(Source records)
▬▬▬▬▬▬
lemma card_permutes_colour_pattern:
  fixes g r :: "'a \<Rightarrow> 'c"
  assumes "finite S" "finite C" "r ` S \<subseteq> C"
    and "\<And>c. card {i\<in>S. r i = c} = card {x\<in>S. g x = c}"
  shows "card {\<pi>. \<pi> permutes S \<and> (\<forall>i\<in>S. g (\<pi> i) = r i)} = (\<Prod>c\<in>C. fact (card {i\<in>S. r i = c}))"
proof -
  let ?P = "{\<pi>. \<pi> permutes S \<and> (\<forall>i\<in>S. g (\<pi> i) = r i)}"
  let ?F = "colour_injections g r S S"
  have "bij_betw (\<lambda>\<pi>. restrict \<pi> S) ?P ?F"
  proof (rule bij_betw_byWitness[where f' = "\<lambda>f. restrict_id f S"])
    show "\<forall>\<pi>\<in>?P. restrict_id (restrict \<pi> S) S = \<pi>"
      by (auto simp: fun_eq_iff restrict_id_def permutes_not_in)
    show "\<forall>f\<in>?F. restrict (restrict_id f S) S = f"
      by (auto simp: colour_injections_def fun_eq_iff PiE_iff extensional_def)
    show "(\<lambda>\<pi>. restrict \<pi> S) ` ?P \<subseteq> ?F"
      by (auto simp: colour_injections_def PiE_iff permutes_in_image inj_on_def
          permutes_inj_on[THEN inj_onD])
    show "(\<lambda>f. restrict_id f S) ` ?F \<subseteq> ?P"
    proof (rule image_subsetI)
      fix f assume f: "f \<in> ?F"
      then have "f ` S = S" using assms(1) by (intro endo_inj_surj) (auto simp: colour_injections_def PiE_iff)
      then have "restrict_id f S permutes S"
        using f by (intro permutes_restrict_id) (auto simp: colour_injections_def bij_betw_def)
      then show "restrict_id f S \<in> ?P" using f by (auto simp: colour_injections_def)
    qed
  qed
  then show ?thesis
    using card_colour_injections[OF assms(1,1,2,3,4)] by (simp add: bij_betw_same_card)
qed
▬▬▬▬▬▬
▶ _ASSIGNMENT_
Precisely the line with "using card_colour_injections[OF assms(1,1,2,3,4)]" and the lines after it, up to the last line of the entries above, are to be reproduced, and nothing more.

▶ _RESPONSE_
    using card_colour_injections[OF assms(1,1,2,3,4)] by (simp add: bij_betw_same_card)
qed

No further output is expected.